I make entries within the logbook and carry out a variety of different duties. It is rather like an actual flight. I do know I need to hold watch with faultless accuracy, and never a lot as a result of I’m being noticed by tv digital camera as togged used to sustaining a gradual rhythm of life in such situations.”
Titov spent his spare time reciting the poetry of Alexander Pushkin and mentally disassembling and reassembling a automotive. He additionally stunned the take a look at screens by discovering a extra environment friendly approach to prepare dinner his meals. Whereas the opposite cosmonauts merely poured the meals from the cans into the saucepan, Titov realized that cleansing out the pan afterward consumed a big portion of his restricted water provide. He thus opted to fill the saucepan with water and use it to boil his meals immediately within the can.
In the meantime, Pavel Popvich, a proud Ukrainian, loudly sang songs of his homeland, whereas Yuri Gagarin pictured what his upcoming spaceflight would appear to be:
“I assumed in regards to the future, not the previous, as one normally does in such circumstances.
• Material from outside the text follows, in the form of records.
text \<open>Vectors in R^n are represented as functions nat => real, using indices 1..n.\<close>

definition Hval :: "(nat \<Rightarrow> real) \<Rightarrow> nat \<Rightarrow> (nat \<Rightarrow> real) \<Rightarrow> real" where
  "Hval a n x = (\<Sum>j=1..n. a j * x j)"

definition vpart :: "(nat \<Rightarrow> real) \<Rightarrow> (nat \<Rightarrow> real) \<Rightarrow> nat \<Rightarrow> real" where
  "vpart a x i = (\<Sum>j=1..i. a j * x j)"

definition fcoef :: "real \<Rightarrow> real \<Rightarrow> real" where
  "fcoef h t = (if h \<noteq> 0 then (exp (h * t) - 1) / ((exp (h * t) + 1) * h) else t / 2)"

definition rhs :: "(nat \<Rightarrow> real) \<Rightarrow> nat \<Rightarrow> (nat \<Rightarrow> real) \<Rightarrow> nat \<Rightarrow> real" where
  "rhs a n x i = x i * ((\<Sum>j\<in>{i<..n}. a j * x j) - (\<Sum>j\<in>{1..<i}. a j * x j))"

definition solformula :: "(nat \<Rightarrow> real) \<Rightarrow> nat \<Rightarrow> (nat \<Rightarrow> real) \<Rightarrow> real \<Rightarrow> nat \<Rightarrow> real" where
  "solformula a n x0 t i =
     (let h0 = Hval a n x0; f = fcoef h0 t in
      x0 i * ((1 - f * h0) * (1 + f * h0)) /
        ((1 - f * h0 + 2 * f * vpart a x0 (i - 1)) * (1 - f * h0 + 2 * f * vpart a x0 i)))"

end

theory Submission
  imports Defs
begin

text \<open>Write \<open>g = f h\<^sub>0 = tanh (h\<^sub>0 t / 2)\<close>, so that \<open>f' = (1 - g\<^sup>2) / 2\<close>, and
  \<open>D\<^sub>k = 1 - g + 2 f v\<^sub>k\<close> for the denominators. The terms \<open>a\<^sub>j x\<^sub>j(t)\<close> of the formula telescope:
  \<open>a\<^sub>1 x\<^sub>1 + \<dots> + a\<^sub>k x\<^sub>k = (1 + g) v\<^sub>k / D\<^sub>k\<close>. For \<open>k = n\<close> this says that \<open>H\<close> is conserved,
  and it turns the right-hand side of the system into
  \<open>x\<^sub>i (h\<^sub>0 - (1 + g) (v\<^sub>i\<^sub>-\<^sub>1 / D\<^sub>i\<^sub>-\<^sub>1 + v\<^sub>i / D\<^sub>i))\<close>, which is also the logarithmic derivative
  of the formula. Uniqueness is a Gronwall argument: for two solutions the energy
  \<open>\<Sum>\<^sub>j (x\<^sub>j - y\<^sub>j)\<^sup>2\<close> vanishes at \<open>0\<close> and, the vector field being locally Lipschitz, its
  derivative is bounded by a multiple of itself on every compact segment.\<close>

lemma fcoef_mult_eq_tanh: "fcoef h t * h = tanh (h * t / 2)"
proof (cases "h = 0")
  case False
  define E where "E = exp (h * t)"
  have "E > 0" by (simp add: E_def)
  then have "E \<noteq> 0" "E + 1 \<noteq> 0" by linarith+
  have "tanh (h * t / 2) = (1 - inverse E) / (1 + inverse E)"
    by (simp add: tanh_real_altdef exp_minus E_def)
  also have "\<dots> = (E - 1) / (E + 1)"
    using \<open>E \<noteq> 0\<close> \<open>E + 1 \<noteq> 0\<close> by (simp add: divide_simps)
  also have "\<dots> = fcoef h t * h"
    using \<open>E + 1 \<noteq> 0\<close> False by (simp add: fcoef_def E_def)
  finally show ?thesis ..
qed (simp add: fcoef_def)

lemma abs_fcoef_mult_less_1: "\<bar>fcoef h t * h\<bar> < 1"
  using tanh_real_bounds by (simp add: fcoef_mult_eq_tanh abs_less_iff)

lemma has_real_derivative_fcoef:
  "(fcoef h has_real_derivative (1 - (fcoef h t * h)\<^sup>2) / 2) (at t)"
proof (cases "h = 0")
  case True
  then show ?thesis by (auto simp: fcoef_def [abs_def] intro!: derivative_eq_intros)
next
  case False
  then have "fcoef h = (\<lambda>s. tanh (h * s / 2) / h)"
    using fcoef_mult_eq_tanh by (auto simp: fun_eq_iff field_simps)
  then show ?thesis
    using False by (auto simp: fcoef_mult_eq_tanh intro!: derivative_eq_intros)
qed

section \<open>The closed form solves the system\<close>

lemma has_real_derivative_closed_form:
  fixes F :: "real \<Rightarrow> real"
  assumes F: "(F has_real_derivative (1 - (F t * h)\<^sup>2) / 2) (at t)"
    and P: "1 - F t * h + 2 * F t * v \<noteq> 0" and Q: "1 - F t * h + 2 * F t * w \<noteq> 0"
  shows "((\<lambda>s. c * ((1 - F s * h) * (1 + F s * h)) /
              ((1 - F s * h + 2 * F s * v) * (1 - F s * h + 2 * F s * w)))
     has_real_derivative
       c * ((1 - F t * h) * (1 + F t * h)) / ((1 - F t * h + 2 * F t * v) * (1 - F t * h + 2 * F t * w))
       * (h - (1 + F t * h) * v / (1 - F t * h + 2 * F t * v)
            - (1 + F t * h) * w / (1 - F t * h + 2 * F t * w))) (at t)"
  \<comment> \<open>With \<open>g = F h\<close>: \<open>(1 - g\<^sup>2)' = - g h (1 - g\<^sup>2)\<close> and \<open>(1 - g + 2 F v)' = (1 - g\<^sup>2) (v - h / 2)\<close>.\<close>
  by (rule derivative_eq_intros refl F)+ (use P Q in \<open>(simp_all add: divide_simps), algebra\<close>)

lemma telescoping_sum_closed_form:
  fixes v :: "nat \<Rightarrow> real"
  assumes nonzero: "\<And>j. j \<le> k \<Longrightarrow> 1 - g + 2 * f * v j \<noteq> 0"
  shows "(\<Sum>j=1..k. (v j - v (j - 1)) * ((1 - g) * (1 + g)) /
            ((1 - g + 2 * f * v (j - 1)) * (1 - g + 2 * f * v j)))
       = (1 + g) * v k / (1 - g + 2 * f * v k) - (1 + g) * v 0 / (1 - g + 2 * f * v 0)"
proof -
  define Q where "Q j = (1 + g) * v j / (1 - g + 2 * f * v j)" for j
  have "(v j - v (j - 1)) * ((1 - g) * (1 + g)) / ((1 - g + 2 * f * v (j - 1)) * (1 - g + 2 * f * v j))
      = Q j - Q (j - 1)" if "j \<in> {1..k}" for j
  proof -
    have "1 - g + 2 * f * v (j - 1) \<noteq> 0" "1 - g + 2 * f * v j \<noteq> 0"
      using nonzero that by auto
    then show ?thesis
      unfolding Q_def by (simp add: divide_simps) algebra
  qed
  then have "(\<Sum>j=1..k. (v j - v (j - 1)) * ((1 - g) * (1 + g)) /
               ((1 - g + 2 * f * v (j - 1)) * (1 - g + 2 * f * v j)))
      = (\<Sum>j\<in>{Suc 0..k}. Q j - Q (j - 1))"
    by (intro sum.cong) simp_all
  also have "\<dots> = Q k - Q 0"
    by (rule sum_telescope'') simp
  finally show ?thesis by (simp add: Q_def)
qed

locale closed_form_solution =
  fixes a x0 :: "nat \<Rightarrow> real" and n :: nat
begin

abbreviation h0 :: real where "h0 \<equiv> Hval a n x0"

definition denom :: "real \<Rightarrow> nat \<Rightarrow> real" where
  "denom t k = 1 - fcoef h0 t * h0 + 2 * fcoef h0 t * vpart a x0 k"

lemma solformula_eq:
  "solformula a n x0 t i =
     x0 i * ((1 - fcoef h0 t * h0) * (1 + fcoef h0 t * h0)) / (denom t (i - 1) * denom t i)"
  by (simp add: solformula_def denom_def Let_def)

lemma solformula_at_0: "solformula a n x0 0 i = x0 i"
  by (simp add: solformula_eq denom_def fcoef_def)

lemma denom_0_nonzero: "denom t 0 \<noteq> 0"
  using abs_fcoef_mult_less_1[of h0 t] by (simp add: denom_def vpart_def)

lemma sum_solformula:
  assumes "\<And>j. j \<le> k \<Longrightarrow> denom t j \<noteq> 0"
  shows "(\<Sum>j=1..k. a j * solformula a n x0 t j) = (1 + fcoef h0 t * h0) * vpart a x0 k / denom t k"
proof -
  have "a j * solformula a n x0 t j = (vpart a x0 j - vpart a x0 (j - 1)) *
          ((1 - fcoef h0 t * h0) * (1 + fcoef h0 t * h0)) / (denom t (j - 1) * denom t j)"
    if "j \<in> {1..k}" for j
    using that by (cases j) (simp_all add: solformula_eq vpart_def)
  then have "(\<Sum>j=1..k. a j * solformula a n x0 t j) = (\<Sum>j=1..k. (vpart a x0 j - vpart a x0 (j - 1)) *
          ((1 - fcoef h0 t * h0) * (1 + fcoef h0 t * h0)) / (denom t (j - 1) * denom t j))"
    by (rule sum.cong [OF refl])
  also have "\<dots> = (1 + fcoef h0 t * h0) * vpart a x0 k / denom t k"
    using telescoping_sum_closed_form[of k "fcoef h0 t * h0" "fcoef h0 t" "vpart a x0"] assms
    by (simp add: denom_def vpart_def)
  finally show ?thesis .
qed

lemma Hval_solformula:
  assumes "\<And>k. k \<le> n \<Longrightarrow> denom t k \<noteq> 0"
  shows "Hval a n (solformula a n x0 t) = h0"
proof -
  have "denom t n = 1 + fcoef h0 t * h0"
    by (simp add: denom_def vpart_def Hval_def)
  moreover have "1 + fcoef h0 t * h0 \<noteq> 0"
    using abs_fcoef_mult_less_1[of h0 t] by linarith
  ultimately show ?thesis
    using sum_solformula[of n t] assms by (simp add: Hval_def vpart_def)
qed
I imagined myself within the cabin of Vostok. I closed my eyes and noticed the continents and oceans passing under the change of day and evening, and much, far down, golden clusters of metropolis lights. Though I used to be by no means overseas I pictured myself flying over Peking and London Rome and Paris, and over my native Gzhatsk…all this helped me maintain the pressure of utter isolation.”
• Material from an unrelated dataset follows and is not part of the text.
(* Let $v\in\Sigma^*$, let $u$ be a $v$-minimal word and $i\in\mathrm{supp}(u)$. The relation $\sigma_i$ on $\mathcal{I}_i$ is right-compatible: if $g\,\sigma_i\,f$, then $g\theta_i(a)\,\sigma_i\,f\theta_i(a)$ for every $a\in\Sigma^*$.
   Context: Let $\mathcal{A}=\langle Q,\Sigma,\delta\rangle$ be a synchronizing automaton with $n$ states $q_1,\dots,q_n$; write $q\cdot u$ for the action of $u\in\Sigma^*$ (extended to subsets) and $\mathrm{rk}(u)=|Q\cdot u|$. Each word acts linearly on $\mathbb{C}Q$ by $q\mapsto q\cdot u$, preserving $w^\perp=\{x:\langle x,q_1+\dots+q_n\rangle=0\}$; let $\rho:\Sigma^*\to\mathbb{M}_{n-1}(\mathbb{C})$ be the induced representation and $\mathcal{R}$ the $\mathbb{C}$-algebra generated by $\rho(\Sigma^* )$. Write $\mathcal{R}/\mathrm{Rad}(\mathcal{R})\cong\prod_{i=1}^k\mathbb{M}_{n_i}(\mathbb{C})$ (Jacobson radical, Wedderburn–Artin) and let $\theta_i:\Sigma^*\to\mathbb{M}_{n_i}(\mathbb{C})$ be $\rho$ followed by the quotient map and the $i$-th projection; $0_i$ is the zero matrix. The monoid $\theta_i(\Sigma^* )$ has a unique $0$-minimal ideal $\mathcal{I}_i$. The support of a word $z$ is $\mathrm{supp}(z)=\{i:\theta_i(z)\neq0_i\}$. For $v\in\Sigma^*$, a word $u\in\Sigma^*v\Sigma^*$ is $v$-minimal if $\mathrm{supp}(u)\neq\emptyset$ and there is no $z\in\Sigma^*v\Sigma^*$ with $\emptyset\neq\mathrm{supp}(z)\subsetneq\mathrm{supp}(u)$. For such $u$, $i\in\mathrm{supp}(u)$ and $g\in\mathcal{I}_i$, a word $w$ $u$-represents $g$ if $w\in\Sigma^*u\Sigma^*$, $\theta_i(w)=g$, and either $g=0_i$ or $\mathrm{rk}(w)$ is minimum among all words $w'\in\Sigma^*u\Sigma^*$ with $\theta_i(w')=g$. Define the relation $\sigma_i$ on $\mathcal{I}_i$ by $g\,\sigma_i\,f$ iff either $g=f$, or there exist words $w_1,w_2$ that $u$-represent $g$ and $f$ respectively with $|Q\cdot w_1\cap Q\cdot w_2|>1$. *)

theory Defs
  imports "Jordan_Normal_Form.Matrix"
begin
Boris Volynov, who was pressured to spend his 26th birthday within the chamber, later recalled the unnerving results of whole isolation:
“At first it was unusual to be with out individuals. Then I obtained used to it. I began to do plenty of work. You already know, it’s a very good factor that the day within the chamber is so utterly stuffed that there is no such thing as a time to be lonely. There’s at all times one thing to do. The medical doctors are great in that respect. I checked on the thermometers, the hygrometers, I saved checking on the devices, and preparedly personal meals…however the day comes whenever you lastly wish to speak to somebody. I had such a day…my birthday. Think about – I’ve spent my 25 birthday on earth and my twenty sixth needed to be spent within the ‘cosmos’. Have you ever any thought what it means to take a seat alone, enclosed in 4 partitions for thus many days? And think about that I’m a pilot…the entire sky was mine. And instantly, as a substitute of the sky, a small slim chamber.
On my birthday I needed very a lot for somebody to be with me…to listen to some good variety phrases…a reside human voice. A person phrase, solely a single phrase, what would I not have given for a single phrase.
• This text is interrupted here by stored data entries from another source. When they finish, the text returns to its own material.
lemma finite_decomp: "finite I \<Longrightarrow> finite (decomp I (v::('n::finite) mindex))"
proof -
  assume I: "finite I"
  have "decomp I v \<subseteq> PiE I (\<lambda>_. lebox v)" by (auto simp: decomp_def lebox_def)
  moreover have "finite (PiE I (\<lambda>_. lebox v))" using I by (simp add: finite_PiE)
  ultimately show ?thesis by (rule finite_subset)
qed

lemma decomp_empty: "decomp {} b = (if b = (\<lambda>_. 0) then {\<lambda>_. undefined} else {})"
  by (auto simp: decomp_def PiE_empty_domain)

lemma decomp_insert_upd:
  assumes I: "finite I" "a \<notin> I" and \<gamma>: "\<gamma> \<in> decomp I v" and uv: "madd u v = b"
  shows "\<gamma>(a := u) \<in> decomp (insert a I) b"
proof -
  have g: "\<gamma> \<in> PiE I (\<lambda>_. {m. \<forall>i. m i \<le> v i})" "(\<lambda>i. \<Sum>p\<in>I. \<gamma> p i) = v"
    using \<gamma> by (auto simp: decomp_def)
  have "u i \<le> b i" "v i \<le> b i" for i using uv unfolding madd_def fun_eq_iff by (metis le_add1 le_add2)+
  then have "\<gamma>(a:=u) \<in> PiE (insert a I) (\<lambda>_. {m. \<forall>i. m i \<le> b i})"
    using g(1) by (auto intro!: fun_upd_in_PiE simp: PiE_def Pi_def extensional_def; meson le_trans)
  moreover have "(\<lambda>i. \<Sum>p\<in>I. (\<gamma>(a:=u)) p i) = v"
    using g(2) I(2) by (auto intro!: sum.cong)
  then have "(\<lambda>i. \<Sum>p\<in>insert a I. (\<gamma>(a:=u)) p i) = b"
    using uv I by (auto simp: madd_def fun_eq_iff)
  ultimately show ?thesis by (simp add: decomp_def)
qed

lemma decomp_insert_restrict:
  assumes I: "finite I" "a \<notin> I" and \<gamma>: "\<gamma> \<in> decomp (insert a I) b"
  shows "restrict \<gamma> I \<in> decomp I (\<lambda>i. \<Sum>p\<in>I. \<gamma> p i)"
    and "madd (\<gamma> a) (\<lambda>i. \<Sum>p\<in>I. \<gamma> p i) = b"
proof -
  have gs: "(\<lambda>i. \<Sum>p\<in>insert a I. \<gamma> p i) = b" using \<gamma> by (auto simp: decomp_def)
  show "madd (\<gamma> a) (\<lambda>i. \<Sum>p\<in>I. \<gamma> p i) = b"
    using gs I by (auto simp: madd_def fun_eq_iff)
  show "restrict \<gamma> I \<in> decomp I (\<lambda>i. \<Sum>p\<in>I. \<gamma> p i)"
    unfolding decomp_def using I(1)
    by (auto simp: PiE_def extensional_def intro: member_le_sum intro!: sum.cong)
qed

lemma cf_prod:
  fixes F :: "'p \<Rightarrow> ('n::finite) mser"
  assumes "finite I"
  shows "cf (\<Prod>p\<in>I. F p) b = (\<Sum>\<gamma>\<in>decomp I b. \<Prod>p\<in>I. cf (F p) (\<gamma> p))"
  using assms
proof (induction I arbitrary: b rule: finite_induct)
  case empty
  then show ?case by (cases "b = (\<lambda>_. 0)") (simp_all add: cf_simps decomp_empty)
next
  case (insert a I)
  let ?S = "Sigma (spl b) (\<lambda>q. decomp I (snd q))"
  have "cf (\<Prod>p\<in>insert a I. F p) b = cf (F a * (\<Prod>p\<in>I. F p)) b"
    using insert.hyps by simp
  also have "\<dots> = (\<Sum>q\<in>spl b. \<Sum>\<gamma>\<in>decomp I (snd q). cf (F a) (fst q) * (\<Prod>p\<in>I. cf (F p) (\<gamma> p)))"
    unfolding cf_simps insert.IH by (simp add: case_prod_unfold sum_distrib_left)
  also have "\<dots> = (\<Sum>x\<in>?S. cf (F a) (fst (fst x)) * (\<Prod>p\<in>I. cf (F p) (snd x p)))"
    by (rule sum_Sigma_proj) (auto simp: finite_decomp insert.hyps)
  also have "\<dots> = (\<Sum>\<gamma>\<in>decomp (insert a I) b. \<Prod>p\<in>insert a I. cf (F p) (\<gamma> p))"
  proof (rule sum.reindex_bij_witness[where j="\<lambda>x. (snd x)(a := fst (fst x))"
        and i="\<lambda>\<gamma>. ((\<gamma> a, \<lambda>i. \<Sum>p\<in>I. \<gamma> p i), restrict \<gamma> I)"])
    fix x assume x: "x \<in> ?S"
    obtain u v \<gamma> where xe: "x = ((u,v),\<gamma>)" by (metis prod.collapse)
    have g: "\<gamma> \<in> decomp I v" "madd u v = b" using x by (auto simp: xe)
    have ext: "\<gamma> \<in> extensional I" "(\<lambda>i. \<Sum>p\<in>I. \<gamma> p i) = v" using g(1) by (auto simp: decomp_def PiE_def)
    have "(\<lambda>i. \<Sum>p\<in>I. (\<gamma>(a:=u)) p i) = v"
      unfolding ext(2)[symmetric] using insert.hyps(2) by (auto intro!: sum.cong)
    moreover have "restrict (\<gamma>(a:=u)) I = \<gamma>"
      using ext(1) insert.hyps(2) by (auto simp: restrict_def fun_eq_iff extensional_def)
    ultimately show "(\<lambda>\<gamma>. ((\<gamma> a, \<lambda>i. \<Sum>p\<in>I. \<gamma> p i), restrict \<gamma> I)) ((snd x)(a := fst (fst x))) = x"
      by (simp add: xe)
    show "(snd x)(a := fst (fst x)) \<in> decomp (insert a I) b"
      using decomp_insert_upd[OF insert.hyps g] by (simp add: xe)
    show "(\<Prod>p\<in>insert a I. cf (F p) (((snd x)(a := fst (fst x))) p)) =
          cf (F a) (fst (fst x)) * (\<Prod>p\<in>I. cf (F p) (snd x p))"
      using insert.hyps by (auto simp: xe intro!: prod.cong)
  next
    fix \<gamma> assume g: "\<gamma> \<in> decomp (insert a I) b"
    then show "(snd ((\<gamma> a, \<lambda>i. \<Sum>p\<in>I. \<gamma> p i), restrict \<gamma> I))
        (a := fst (fst ((\<gamma> a, \<lambda>i. \<Sum>p\<in>I. \<gamma> p i), restrict \<gamma> I))) = \<gamma>"
      by (auto simp: fun_eq_iff restrict_def decomp_def PiE_def extensional_def)
    show "((\<gamma> a, \<lambda>i. \<Sum>p\<in>I. \<gamma> p i), restrict \<gamma> I) \<in> ?S"
      using decomp_insert_restrict[OF insert.hyps g] by simp
  qed
  finally show ?case .
qed

section \<open>Substitution and composition\<close>

definition monpow :: "('n::finite) fmap \<Rightarrow> 'n mindex \<Rightarrow> 'n mser" where
  "monpow G a = (\<Prod>j\<in>UNIV. Ser (G j) ^ a j)"

lemma fm_monpow_coeff_eq: "fm_monpow_coeff G a b = cf (monpow G a) b"
proof -
  let ?I = "{(j, k). k < a j}"
  have I: "?I = Sigma UNIV (\<lambda>j. {..<a j})" by auto
  have fI: "finite ?I" unfolding I by auto
  have "monpow G a = (\<Prod>j\<in>UNIV. \<Prod>k\<in>{..<a j}. Ser (G j))" by (simp add: monpow_def)
  also have "\<dots> = (\<Prod>p\<in>?I. Ser (G (fst p)))" unfolding I
    by (subst prod.Sigma) (auto simp: case_prod_unfold)
  finally have "monpow G a = (\<Prod>p\<in>?I. Ser (G (fst p)))" .
  then show ?thesis unfolding fm_monpow_coeff_def Let_def
    by (simp add: cf_prod[OF fI] decomp_def)
qed

lemma monpow_0[simp]: "monpow G (\<lambda>_. 0) = 1" by (simp add: monpow_def)

lemma monpow_unit: "monpow G (unit_mindex j) = Ser (G j)"
proof -
  have "monpow G (unit_mindex j) = (\<Prod>i\<in>UNIV. if i = j then Ser (G i) else 1)"
    unfolding monpow_def unit_mindex_def by (rule prod.cong) auto
  then show ?thesis by simp
qed

lemma monpow_madd: "monpow G (madd a b) = monpow G a * monpow G b"
  by (simp add: monpow_def madd_def power_add prod.distrib)

lemma ord_ge_Ser: "fixes_origin G \<Longrightarrow> ord_ge (Ser (G j)) 1"
  by (auto simp: ord_ge_def fixes_origin_def mdeg_eq_0_iff)

lemma ord_ge_monpow: "fixes_origin G \<Longrightarrow> ord_ge (monpow G a) (mdeg a)"
  unfolding monpow_def mdeg_def
  using ord_ge_prod[of UNIV "\<lambda>j. Ser (G j) ^ a j" "\<lambda>j. a j"] ord_ge_power[OF ord_ge_Ser, of G]
  by simp

definition agree_upto :: "nat \<Rightarrow> ('n::finite) fmap \<Rightarrow> 'n fmap \<Rightarrow> bool" where
  "agree_upto d G G' \<longleftrightarrow> (\<forall>j b. mdeg b \<le> d \<longrightarrow> G j b = G' j b)"

lemma agree_below_monpow:
  assumes "fixes_origin G" "fixes_origin G'" "agree_upto d G G'"
  shows "agree_below (d + mdeg a) (monpow G a) (monpow G' a)"
proof -
  have "agree_below (d+1) (Ser (G j)) (Ser (G' j)) \<and> ord_ge (Ser (G j)) 1 \<and> ord_ge (Ser (G' j)) 1" for j
    using assms ord_ge_Ser[OF assms(1), of j] ord_ge_Ser[OF assms(2), of j]
    by (auto simp: agree_below_def agree_upto_def)
  then show ?thesis unfolding monpow_def mdeg_def
    using agree_below_prod[of UNIV d "\<lambda>j. Ser (G j)" "\<lambda>j. Ser (G' j)" a] by simp
qed

text \<open>Substitution s \<mapsto> s \<circ> H of a map H without constant term.  Only exponents of degree
  at most deg b contribute to the coefficient of z^b, so the defining sum is finite.\<close>

definition subst :: "('n::finite) fmap \<Rightarrow> 'n mser \<Rightarrow> 'n mser" where
  "subst H s = Ser (\<lambda>b. \<Sum>a\<in>mbox (mdeg b). cf s a * cf (monpow H a) b)"

lemma fm_comp_subst: "fm_comp F G i = cf (subst G (Ser (F i)))"
  by (simp add: fm_comp_def subst_def mbox_def fm_monpow_coeff_eq fun_eq_iff)

lemma fm_comp_eq_subst: "fm_comp F G = (\<lambda>i. cf (subst G (Ser (F i))))"
  by (simp add: fm_comp_subst fun_eq_iff)

lemma cf_subst: "cf (subst H s) b = (\<Sum>a\<in>mbox (mdeg b). cf s a * cf (monpow H a) b)"
  by (simp add: subst_def)

lemma subst_ext:
  assumes "fixes_origin H" "finite A" "mbox (mdeg b) \<subseteq> A"
  shows "cf (subst H s) b = (\<Sum>a\<in>A. cf s a * cf (monpow H a) b)"
  unfolding cf_subst
proof (rule sum.mono_neutral_left[OF assms(2,3)], intro ballI)
  fix a assume "a \<in> A - mbox (mdeg b)"
  then have "mdeg b < mdeg a" by (auto simp: mbox_def)
  then show "cf s a * cf (monpow H a) b = 0" using ord_ge_monpow[OF assms(1)] by (simp add: ord_ge_def)
qed

lemma subst_add: "subst H (s + t) = subst H s + subst H t"
  by (rule mser_eqI) (simp add: cf_subst cf_simps distrib_right sum.distrib)

lemma subst_const_mult: "subst H (mconst c * s) = mconst c * subst H s"
  by (rule mser_eqI) (simp add: cf_subst cf_const_mult sum_distrib_left mult.assoc)

lemma subst_one: "subst H 1 = 1"
proof (rule mser_eqI)
  fix b :: "'a mindex"
  have "cf (subst H 1) b = (\<Sum>a\<in>mbox (mdeg b). if a = (\<lambda>_. 0) then cf (monpow H a) b else 0)"
    unfolding cf_subst cf_simps by (rule sum.cong) auto
  also have "\<dots> = cf (monpow H (\<lambda>_. 0)) b" by (subst sum.delta[OF finite_box]) (simp add: mbox_def)
  finally show "cf (subst H 1) b = cf 1 b" by simp
qed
After I got here out, one thing unbelievable occurred to me. Everybody gathered round me, motion-picture cameras started buzzing, and the ladies have been shouting ‘Nicely, inform us one thing; inform us.’ And I can do nothing however stand there and stay silent. I’m so blissful that I take a look at the individuals with clean eyes and might’t say a phrase; nearly as if I had forgotten easy methods to converse. I had longed a lot for human speech that I’m ready till somebody would say one thing, something. I’m sick of my very own voice.”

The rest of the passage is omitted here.